◆ Available records:
************
lemma restrict_transversal_mat:
  assumes "f \<in> PiE (transversal_positions n) transversal_entries"
  shows "restrict (\<lambda>p. transversal_mat n f $$ p) (transversal_positions n) = f"
proof
  fix p
  show "restrict (\<lambda>p. transversal_mat n f $$ p) (transversal_positions n) p = f p"
    using PiE_arb[OF assms, of p] by (cases p) (auto simp: transversal_mat_def transversal_positions_def)
qed

lemma transversal_mat_mem_S0_transversal:
  assumes n: "n \<ge> 2" and f: "f \<in> PiE (transversal_positions n) transversal_entries"
  shows "(transversal_mat n f :: 'a::field mat) \<in> S0_transversal n"
proof -
  have "transversal_mat n f $$ (i, Suc i) \<noteq> (0 :: 'a)" if "Suc i < n" for i
  proof (cases "Suc i = n - 1")
    case False
    then have "(i, Suc i) \<in> transversal_positions n" using that by (auto simp: transversal_positions_def)
    then show ?thesis
      using PiE_mem[OF f] that by (force simp: transversal_mat_def transversal_entries_def)
  qed (use that in \<open>auto simp: transversal_mat_def transversal_positions_def\<close>)
  then show ?thesis
    using n by (auto simp: S0_transversal_def mem_S0_iff transversal_mat_def transversal_positions_def)
qed

lemma S0_transversal_bij:
  assumes n: "n \<ge> 2"
  shows "bij_betw (\<lambda>A. restrict (\<lambda>p. A $$ p) (transversal_positions n))
           (S0_transversal n :: 'a::field mat set) (PiE (transversal_positions n) transversal_entries)"
proof (rule bij_betw_byWitness[where f' = "transversal_mat n"])
  show "(\<lambda>A. restrict (\<lambda>p. A $$ p) (transversal_positions n)) ` S0_transversal n
          \<subseteq> PiE (transversal_positions n) (transversal_entries :: _ \<Rightarrow> 'a set)"
    by (auto simp: S0_transversal_def mem_S0_iff transversal_positions_def transversal_entries_def)
qed (use transversal_mat_restrict[OF n] restrict_transversal_mat
      transversal_mat_mem_S0_transversal[OF n] in auto)

lemma card_nonadjacent_pairs: "card {(i, j). Suc i < j \<and> j < k} = (k - 1) choose 2"
proof (induction k)
  case 0
  then show ?case by simp
next
  case (Suc k)
  have split: "{(i, j). Suc i < j \<and> j < Suc k} = {(i, j). Suc i < j \<and> j < k} \<union> (\<lambda>i. (i, k)) ` {..<k - 1}"
    by auto
  have "finite {(i, j). Suc i < j \<and> j < k}"
    by (rule finite_subset[of _ "{..<k} \<times> {..<k}"]) auto
  moreover have "card ((\<lambda>i. (i, k)) ` {..<k - 1}) = k - 1"
    by (subst card_image) (auto simp: inj_on_def)
  ultimately have "card {(i, j). Suc i < j \<and> j < Suc k} = ((k - 1) choose 2) + (k - 1)"
    unfolding split using Suc.IH by (subst card_Un_disjoint) auto
  also have "\<dots> = Suc k - 1 choose 2"
    by (cases k) (simp_all add: numeral_2_eq_2)
  finally show ?case .
qed

lemma card_S0_transversal:
  assumes n: "n \<ge> 2"
  shows "card (S0_transversal n :: 'a::{field,finite} mat set)
           = (card (UNIV :: 'a set) - 1) ^ (n - 2) * card (UNIV :: 'a set) ^ ((n - 2) choose 2)"
proof -
  let ?q = "card (UNIV :: 'a set)" and ?I = "transversal_positions n"
  let ?adjacent = "{p. snd p = Suc (fst p)}"
  have "card (S0_transversal n :: 'a mat set) = card (PiE ?I (transversal_entries :: _ \<Rightarrow> 'a set))"
    using bij_betw_same_card[OF S0_transversal_bij[OF n]] .
  also have "\<dots> = (\<Prod>p\<in>?I. card (transversal_entries p :: 'a set))"
    by (rule card_PiE[OF finite_transversal_positions])
  also have "\<dots> = (\<Prod>p\<in>?I. if p \<in> ?adjacent then ?q - 1 else ?q)"
    by (rule prod.cong) (auto simp: transversal_entries_def Compl_eq_Diff_UNIV card_Diff_singleton)
  also have "\<dots> = (?q - 1) ^ card (?I \<inter> ?adjacent) * ?q ^ card (?I \<inter> - ?adjacent)"
    by (simp add: prod.If_cases[OF finite_transversal_positions])
  also have "?I \<inter> ?adjacent = (\<lambda>i. (i, Suc i)) ` {..<n - 2}"
    by (auto simp: transversal_positions_def)
  also have "card \<dots> = n - 2" by (subst card_image) (auto simp: inj_on_def)
  also have "?I \<inter> - ?adjacent = {(i, j). Suc i < j \<and> j < n - 1}"
    by (auto simp: transversal_positions_def)
  also have "card \<dots> = (n - 2) choose 2"
    using card_nonadjacent_pairs[of "n - 1"] by (simp add: numeral_2_eq_2)
  finally show ?thesis .
qed

section \<open>Non-commuting subsets\<close>

lemma omega_eq_card_of_commuting_transversal:
  fixes S R :: "'a::times set"
  assumes R: "R \<subseteq> S" "finite R" "non_commuting R"
    and meets: "\<And>x. x \<in> S \<Longrightarrow> \<exists>r\<in>R. x * r = r * x"
    and trans: "\<And>x y r. x \<in> S \<Longrightarrow> y \<in> S \<Longrightarrow> r \<in> R \<Longrightarrow> x * r = r * x \<Longrightarrow> y * r = r * y
      \<Longrightarrow> x * y = y * x"
  shows "omega S = card R"
proof -
  have card_le: "card X \<le> card R" if X: "X \<subseteq> S" "non_commuting X" for X
  proof -
    define rep where "rep x = (SOME r. r \<in> R \<and> x * r = r * x)" for x
    have rep: "rep x \<in> R \<and> x * rep x = rep x * x" if "x \<in> X" for x
      unfolding rep_def by (rule someI_ex) (use meets X(1) that in blast)
    have "inj_on rep X"
    proof (rule inj_onI)
      fix x y assume xy: "x \<in> X" "y \<in> X" "rep x = rep y"
      have "x * y = y * x"
        by (rule trans[of x y "rep x"]) (use xy rep[of x] rep[of y] X(1) in auto)
      then show "x = y" using X(2) xy(1,2) by (auto simp: non_commuting_def)
    qed
    then show ?thesis using card_inj_on_le[of rep X R] rep R(2) by blast
  qed
  show ?thesis
    unfolding omega_def
  proof (rule Max_eqI)
    show "finite {card N | N. N \<subseteq> S \<and> finite N \<and> non_commuting N}"
      by (rule finite_subset[of _ "{..card R}"]) (use card_le in auto)
  qed (use R card_le in auto)
qed

theorem theorem3p5:
  fixes n :: nat
  assumes "n \<ge> 2"
  shows "omega (S0 n :: 'a::{field,finite} mat set)
           = (card (UNIV :: 'a set) - 1) ^ (n - 2) * card (UNIV :: 'a set) ^ ((n - 2) choose 2)"
proof -
  let ?T = "S0_transversal n :: 'a mat set"
  have "omega (S0 n :: 'a mat set) = card ?T"
  proof (rule omega_eq_card_of_commuting_transversal)
    show "?T \<subseteq> S0 n" by (auto simp: S0_transversal_def)
    show "finite ?T"
      using bij_betw_finite[OF S0_transversal_bij[OF assms]] finite_transversal_positions
      by (auto intro: finite_PiE)
    show "non_commuting ?T"
      using S0_transversal_non_commuting by (auto simp: non_commuting_def)
    show "\<exists>r\<in>?T. x * r = r * x" if "x \<in> S0 n" for x
      using ex_S0_transversal_commute[OF assms that] .
    show "x * y = y * x" if "x \<in> S0 n" "y \<in> S0 n" "r \<in> ?T" "x * r = r * x" "y * r = r * y" for x y r
      by (rule S0_commute_trans[of r n]) (use that in \<open>auto simp: S0_transversal_def mem_S0_iff\<close>)
  qed
  then show ?thesis using card_S0_transversal[OF assms] by simp
qed

end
************
◆ Work item:
Repeat the data exactly. Omit nothing.

◆ Task solution:
lemma restrict_transversal_mat:
  assumes "f \<in> PiE (transversal_positions n) transversal_entries"
  shows "restrict (\<lambda>p. transversal_mat n f $$ p) (transversal_positions n) = f"
proof
  fix p
  show "restrict (\<lambda>p. transversal_mat n f $$ p) (transversal_positions n) p = f p"
    using PiE_arb[OF assms, of p] by (cases p) (auto simp: transversal_mat_def transversal_positions_def)
qed

lemma transversal_mat_mem_S0_transversal:
  assumes n: "n \<ge> 2" and f: "f \<in> PiE (transversal_positions n) transversal_entries"
  shows "(transversal_mat n f :: 'a::field mat) \<in> S0_transversal n"
proof -
  have "transversal_mat n f $$ (i, Suc i) \<noteq> (0 :: 'a)" if "Suc i < n" for i
  proof (cases "Suc i = n - 1")
    case False
    then have "(i, Suc i) \<in> transversal_positions n" using that by (auto simp: transversal_positions_def)
    then show ?thesis
      using PiE_mem[OF f] that by (force simp: transversal_mat_def transversal_entries_def)
  qed (use that in \<open>auto simp: transversal_mat_def transversal_positions_def\<close>)
  then show ?thesis
    using n by (auto simp: S0_transversal_def mem_S0_iff transversal_mat_def transversal_positions_def)
qed

lemma S0_transversal_bij:
  assumes n: "n \<ge> 2"
  shows "bij_betw (\<lambda>A. restrict (\<lambda>p. A $$ p) (transversal_positions n))
           (S0_transversal n :: 'a::field mat set) (PiE (transversal_positions n) transversal_entries)"
proof (rule bij_betw_byWitness[where f' = "transversal_mat n"])
  show "(\<lambda>A. restrict (\<lambda>p. A $$ p) (transversal_positions n)) ` S0_transversal n
          \<subseteq> PiE (transversal_positions n) (transversal_entries :: _ \<Rightarrow> 'a set)"
    by (auto simp: S0_transversal_def mem_S0_iff transversal_positions_def transversal_entries_def)
qed (use transversal_mat_restrict[OF n] restrict_transversal_mat
      transversal_mat_mem_S0_transversal[OF n] in auto)

lemma card_nonadjacent_pairs: "card {(i, j). Suc i < j \<and> j < k} = (k - 1) choose 2"
proof (induction k)
  case 0
  then show ?case by simp
next
  case (Suc k)
  have split: "{(i, j). Suc i < j \<and> j < Suc k} = {(i, j). Suc i < j \<and> j < k} \<union> (\<lambda>i. (i, k)) ` {..<k - 1}"
    by auto
  have "finite {(i, j). Suc i < j \<and> j < k}"
    by (rule finite_subset[of _ "{..<k} \<times> {..<k}"]) auto
  moreover have "card ((\<lambda>i. (i, k)) ` {..<k - 1}) = k - 1"
    by (subst card_image) (auto simp: inj_on_def)
  ultimately have "card {(i, j). Suc i < j \<and> j < Suc k} = ((k - 1) choose 2) + (k - 1)"
    unfolding split using Suc.IH by (subst card_Un_disjoint) auto
  also have "\<dots> = Suc k - 1 choose 2"
    by (cases k) (simp_all add: numeral_2_eq_2)
  finally show ?case .
qed

lemma card_S0_transversal:
  assumes n: "n \<ge> 2"
  shows "card (S0_transversal n :: 'a::{field,finite} mat set)
           = (card (UNIV :: 'a set) - 1) ^ (n - 2) * card (UNIV :: 'a set) ^ ((n - 2) choose 2)"
proof -
  let ?q = "card (UNIV :: 'a set)" and ?I = "transversal_positions n"
  let ?adjacent = "{p. snd p = Suc (fst p)}"
  have "card (S0_transversal n :: 'a mat set) = card (PiE ?I (transversal_entries :: _ \<Rightarrow> 'a set))"
    using bij_betw_same_card[OF S0_transversal_bij[OF n]] .
  also have "\<dots> = (\<Prod>p\<in>?I. card (transversal_entries p :: 'a set))"
    by (rule card_PiE[OF finite_transversal_positions])
  also have "\<dots> = (\<Prod>p\<in>?I. if p \<in> ?adjacent then ?q - 1 else ?q)"
    by (rule prod.cong) (auto simp: transversal_entries_def Compl_eq_Diff_UNIV card_Diff_singleton)
  also have "\<dots> = (?q - 1) ^ card (?I \<inter> ?adjacent) * ?q ^ card (?I \<inter> - ?adjacent)"
    by (simp add: prod.If_cases[OF finite_transversal_positions])
  also have "?I \<inter> ?adjacent = (\<lambda>i. (i, Suc i)) ` {..<n - 2}"
    by (auto simp: transversal_positions_def)
  also have "card \<dots> = n - 2" by (subst card_image) (auto simp: inj_on_def)
  also have "?I \<inter> - ?adjacent = {(i, j). Suc i < j \<and> j < n - 1}"
    by (auto simp: transversal_positions_def)
  also have "card \<dots> = (n - 2) choose 2"
    using card_nonadjacent_pairs[of "n - 1"] by (simp add: numeral_2_eq_2)
  finally show ?thesis .
qed

section \<open>Non-commuting subsets\<close>

lemma omega_eq_card_of_commuting_transversal:
  fixes S R :: "'a::times set"
  assumes R: "R \<subseteq> S" "finite R" "non_commuting R"
    and meets: "\<And>x. x \<in> S \<Longrightarrow> \<exists>r\<in>R. x * r = r * x"
    and trans: "\<And>x y r. x \<in> S \<Longrightarrow> y \<in> S \<Longrightarrow> r \<in> R \<Longrightarrow> x * r = r * x \<Longrightarrow> y * r = r * y
      \<Longrightarrow> x * y = y * x"
  shows "omega S = card R"
proof -
  have card_le: "card X \<le> card R" if X: "X \<subseteq> S" "non_commuting X" for X
  proof -
    define rep where "rep x = (SOME r. r \<in> R \<and> x * r = r * x)" for x
    have rep: "rep x \<in> R \<and> x * rep x = rep x * x" if "x \<in> X" for x
      unfolding rep_def by (rule someI_ex) (use meets X(1) that in blast)
    have "inj_on rep X"
    proof (rule inj_onI)
      fix x y assume xy: "x \<in> X" "y \<in> X" "rep x = rep y"
      have "x * y = y * x"
        by (rule trans[of x y "rep x"]) (use xy rep[of x] rep[of y] X(1) in auto)
      then show "x = y" using X(2) xy(1,2) by (auto simp: non_commuting_def)
    qed
    then show ?thesis using card_inj_on_le[of rep X R] rep R(2) by blast
  qed
  show ?thesis
    unfolding omega_def
  proof (rule Max_eqI)
    show "finite {card N | N. N \<subseteq> S \<and> finite N \<and> non_commuting N}"
      by (rule finite_subset[of _ "{..card R}"]) (use card_le in auto)
  qed (use R card_le in auto)
qed

theorem theorem3p5:
  fixes n :: nat
  assumes "n \<ge> 2"
  shows "omega (S0 n :: 'a::{field,finite} mat set)
           = (card (UNIV :: 'a set) - 1) ^ (n - 2) * card (UNIV :: 'a set) ^ ((n - 2) choose 2)"
proof -
  let ?T = "S0_transversal n :: 'a mat set"
  have "omega (S0 n :: 'a mat set) = card ?T"
  proof (rule omega_eq_card_of_commuting_transversal)
    show "?T \<subseteq> S0 n" by (auto simp: S0_transversal_def)
    show "finite ?T"
      using bij_betw_finite[OF S0_transversal_bij[OF assms]] finite_transversal_positions
      by (auto intro: finite_PiE)
    show "non_commuting ?T"
      using S0_transversal_non_commuting by (auto simp: non_commuting_def)
    show "\<exists>r\<in>?T. x * r = r * x" if "x \<in> S0 n" for x
      using ex_S0_transversal_commute[OF assms that] .
    show "x * y = y * x" if "x \<in> S0 n" "y \<in> S0 n" "r \<in> ?T" "x * r = r * x" "y * r = r * y" for x y r
      by (rule S0_commute_trans[of r n]) (use that in \<open>auto simp: S0_transversal_def mem_S0_iff\<close>)
  qed
  then show ?thesis using card_S0_transversal[OF assms] by simp
qed

end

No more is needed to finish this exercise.